lemma phase1_invariant_insert:
  assumes "0 < n" and inv: "phase1_invariant A n m k (Suc f) W sz cnt lev" and "b < m" and "b \<notin> W"
    and upd: "upd_levels A n k (\<lambda>i. if i < n \<and> A i b then cnt i + 1 else cnt i) (insert b W) lev [0..<m]
      = (lev', t)"
  shows "phase1_invariant A n m k f (insert b W) (sz + 1) (\<lambda>i. if i < n \<and> A i b then cnt i + 1 else cnt i) lev'"
    and "t + (n + 3) * (\<Sum>c<m. lev' c) \<le> m * (n + 3) + (n + 3) * (\<Sum>c<m. lev c)"
proof -
  from inv have W: "W \<subseteq> {..<m}" "card W = sz" "sz + Suc f = k" "counts A n m W cnt"
    and levels: "\<forall>c<m. c \<notin> W \<longrightarrow> lev c = ell A n m k W c"
    by (auto simp: phase1_invariant_def)
  have "finite W" using W(1) finite_subset by blast
  have counts: "counts A n m (insert b W) (\<lambda>i. if i < n \<and> A i b then cnt i + 1 else cnt i)"
    using W(4) \<open>b < m\<close> \<open>b \<notin> W\<close> \<open>finite W\<close> by (rule counts_insert)
  note round = upd_levels_round[OF \<open>0 < n\<close> counts subset_insertI levels upd]
  show "phase1_invariant A n m k f (insert b W) (sz + 1) (\<lambda>i. if i < n \<and> A i b then cnt i + 1 else cnt i) lev'"
    using W \<open>b < m\<close> \<open>b \<notin> W\<close> \<open>finite W\<close> counts round(1) by (auto simp: phase1_invariant_def)
  show "t + (n + 3) * (\<Sum>c<m. lev' c) \<le> m * (n + 3) + (n + 3) * (\<Sum>c<m. lev c)"
    by (rule round(2))
qed

lemma phase1_spec:
  assumes "0 < n"
  shows "phase1_invariant A n m k f W sz cnt lev \<Longrightarrow> phase1 A n m k f (W, sz, cnt, lev) = ((W2, sz2, cnt2, lev2), t) \<Longrightarrow>
    sejr_phase1 A n m k W W2 \<and> W2 \<subseteq> {..<m} \<and> card W2 = sz2 \<and>
    t \<le> f * (m + 2 + n + m * (n + 3)) + (n + 3) * (\<Sum>c<m. lev c) + m + 2"
proof (induction f arbitrary: W sz cnt lev t)
  case 0
  then have "W \<subseteq> {..<m}" "card W = sz" "sz = k" "W2 = W" "sz2 = sz" "t = 1"
    by (auto simp: phase1_invariant_def)
  moreover have "sejr_phase1 A n m k W W"
    by (rule sejr_phase1.stop) (simp add: \<open>card W = sz\<close> \<open>sz = k\<close>)
  ultimately show ?case by simp
next
  case (Suc f)
  then have W: "W \<subseteq> {..<m}" "card W = sz" "sz + Suc f = k"
    and levels: "\<forall>c<m. c \<notin> W \<longrightarrow> lev c = ell A n m k W c"
    by (auto simp: phase1_invariant_def)
  obtain b v t1 where sel: "sel lev W [0..<m] = (b, v, t1)" by (metis prod_cases3)
  note greedy = sel_greedy[OF levels sel]
  show ?case
  proof (cases "v = 0")
    case True
    then have "W2 = W" "sz2 = sz" "t = t1 + 2" using Suc.prems(2) W(3) sel by auto
    then show ?thesis using greedy True W by simp
  next
    case False
    with greedy have b: "b < m" "b \<notin> W" "ell A n m k W b = v"
      and maximal: "\<forall>d\<in>{..<m} - W. ell A n m k W d \<le> v" by auto
    define cnt' where "cnt' = (\<lambda>i. if i < n \<and> A i b then cnt i + 1 else cnt i)"
    obtain lev' t2 where upd: "upd_levels A n k cnt' (insert b W) lev [0..<m] = (lev', t2)"
      by fastforce
    obtain st' t3 where rec: "phase1 A n m k f (insert b W, sz + 1, cnt', lev') = (st', t3)"
      by fastforce
    have "phase1 A n m k (Suc f) (W, sz, cnt, lev) = (st', t1 + 2 + n + t2 + t3)"
      using W(3) sel False upd rec by (simp add: cnt'_def Let_def)
    with Suc.prems(2) have st': "st' = (W2, sz2, cnt2, lev2)" and t: "t = t1 + 2 + n + t2 + t3"
      by auto
    note step = phase1_invariant_insert[OF \<open>0 < n\<close> Suc.prems(1) b(1,2) upd[unfolded cnt'_def],
        folded cnt'_def]
    from Suc.IH[OF step(1) rec[unfolded st']] have IH: "sejr_phase1 A n m k (insert b W) W2"
      "W2 \<subseteq> {..<m}" "card W2 = sz2"
      "t3 \<le> f * (m + 2 + n + m * (n + 3)) + (n + 3) * (\<Sum>c<m. lev' c) + m + 2"
      by auto
    have "sejr_phase1 A n m k W W2"
      by (rule sejr_phase1.step[where c = b]) (use W b False maximal IH(1) in auto)
    moreover have "t \<le> Suc f * (m + 2 + n + m * (n + 3)) + (n + 3) * (\<Sum>c<m. lev c) + m + 2"
      using t IH(4) step(2) greedy(1) by simp
    ultimately show ?thesis using IH by simp
  qed
qed

lemma sejr_fast_cost_arith:
  fixes n m k :: nat
  assumes "0 < n" "0 < k" "k \<le> m"
    and "t \<le> k * (m + 2 + n + m * (n + 3)) + (n + 3) * (m * k) + m + 2"
  shows "m * (n + 2) + n + t + 1 \<le> 20 * (n * m * k)"
proof -
  let ?N = "n * m * k"
  have "m * n \<le> ?N" "m \<le> ?N" "n \<le> ?N" "1 \<le> ?N" "k * m \<le> ?N" "k \<le> ?N" "k * n \<le> ?N"
    using assms by (simp_all add: Suc_le_eq)
  moreover have "m * (n + 2) + n + t + 1 \<le> m * n + 3 * m + n + 7 * (k * m) + 2 * k + k * n + 2 * ?N + 3"
    using assms(4) by (simp add: algebra_simps)
  ultimately show ?thesis by linarith
qed

lemma sejr_fast_eq:
  assumes "0 < n" and "0 < k" and "k \<le> m"
  obtains W t where "sejr_phase1 A n m k {} W" and "W \<subseteq> {..<m}" and "t \<le> 20 * (n * m * k)"
    and "sejr_fast alg3 A n m k =
      (if card W < k then (W \<union> set (fst (alg3 A n m k W)), t + snd (alg3 A n m k W)) else (W, t))"
proof -
  define lev0 where "lev0 c = (if c < m then ell A n m k {} c else 0)" for c
  have init: "init_levels A n k [0..<m] = (lev0, m * (n + 2))"
    using init_levels_eq[OF \<open>0 < n\<close>, of A k "[0..<m]" m] by (simp add: lev0_def[abs_def])
  have "phase1_invariant A n m k k {} 0 (\<lambda>_. 0) lev0"
    by (simp add: phase1_invariant_def counts_empty lev0_def)
  moreover obtain W sz cnt lev t1 where p1: "phase1 A n m k k ({}, 0, \<lambda>_. 0, lev0) = ((W, sz, cnt, lev), t1)"
    by (metis prod.collapse)
  ultimately have W: "sejr_phase1 A n m k {} W" "W \<subseteq> {..<m}" "card W = sz"
    and t1: "t1 \<le> k * (m + 2 + n + m * (n + 3)) + (n + 3) * (\<Sum>c<m. lev0 c) + m + 2"
    using phase1_spec[OF \<open>0 < n\<close>] by blast+
  have "(\<Sum>c<m. lev0 c) \<le> m * k"
    using sum_mono[of "{..<m}" lev0 "\<lambda>_. k"] ell_le[OF \<open>0 < n\<close>] by (simp add: lev0_def)
  then have "(n + 3) * (\<Sum>c<m. lev0 c) \<le> (n + 3) * (m * k)" by simp
  with t1 have "m * (n + 2) + n + t1 + 1 \<le> 20 * (n * m * k)"
    by (intro sejr_fast_cost_arith[OF assms]) linarith
  moreover have "sejr_fast alg3 A n m k =
      (if card W < k then (W \<union> set (fst (alg3 A n m k W)), (m * (n + 2) + n + t1 + 1) + snd (alg3 A n m k W))
       else (W, m * (n + 2) + n + t1 + 1))"
    by (cases "alg3 A n m k W") (simp add: sejr_fast_def init p1 W(3))
  ultimately show ?thesis using W that by blast
qed

theorem mainTheorem11:
  fixes alg3 :: alg3_t
    and o3 :: "(nat \<Rightarrow> nat \<Rightarrow> bool) \<Rightarrow> nat \<Rightarrow> nat \<Rightarrow> nat \<Rightarrow> nat"
  assumes "\<exists>C3::nat. \<forall>A n m k W. 0 < n \<longrightarrow> 0 < k \<longrightarrow> k \<le> m \<longrightarrow> W \<subseteq> {..<m} \<longrightarrow> card W < k
             \<longrightarrow> snd (alg3 A n m k W) \<le> C3 * o3 A n m k"
  shows "\<exists>D::nat. \<forall>A n m k. 0 < n \<longrightarrow> 0 < k \<longrightarrow> k \<le> m \<longrightarrow>
           sejr_outcome A n m k alg3 (fst (sejr_fast alg3 A n m k)) \<and>
           snd (sejr_fast alg3 A n m k) \<le> D * (n * m * k + o3 A n m k)"
proof -
  obtain C3 where C3: "\<forall>A n m k W. 0 < n \<longrightarrow> 0 < k \<longrightarrow> k \<le> m \<longrightarrow> W \<subseteq> {..<m} \<longrightarrow> card W < k
             \<longrightarrow> snd (alg3 A n m k W) \<le> C3 * o3 A n m k"
    using assms by blast
  have "sejr_outcome A n m k alg3 (fst (sejr_fast alg3 A n m k)) \<and>
        snd (sejr_fast alg3 A n m k) \<le> (20 + C3) * (n * m * k + o3 A n m k)"
    if size: "0 < n" "0 < k" "k \<le> m" for A n m k
  proof -
    obtain W t where W: "sejr_phase1 A n m k {} W" "W \<subseteq> {..<m}" and t: "t \<le> 20 * (n * m * k)"
      and fast: "sejr_fast alg3 A n m k =
        (if card W < k then (W \<union> set (fst (alg3 A n m k W)), t + snd (alg3 A n m k W)) else (W, t))"
      by (rule sejr_fast_eq[OF size])
    have "(if card W < k then snd (alg3 A n m k W) else 0) \<le> C3 * o3 A n m k"
      using C3 size W by auto
    with t have "t + (if card W < k then snd (alg3 A n m k W) else 0) \<le> 20 * (n * m * k) + C3 * o3 A n m k"
      by (rule add_mono)
    also have "\<dots> \<le> (20 + C3) * (n * m * k + o3 A n m k)"
      by (simp add: algebra_simps)
    finally show ?thesis
      using W by (auto simp: sejr_outcome_def fast split: if_splits)
  qed
  then show ?thesis by blast
qed

end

* **Exercise brief**:
For each line of the entries that includes "blast", show that line.

* **Reply to the exercise**:
  have "finite W" using W(1) finite_subset by blast
    using phase1_spec[OF \<open>0 < n\<close>] by blast+
  ultimately show ?thesis using W that by blast
    using assms by blast
  then show ?thesis by blast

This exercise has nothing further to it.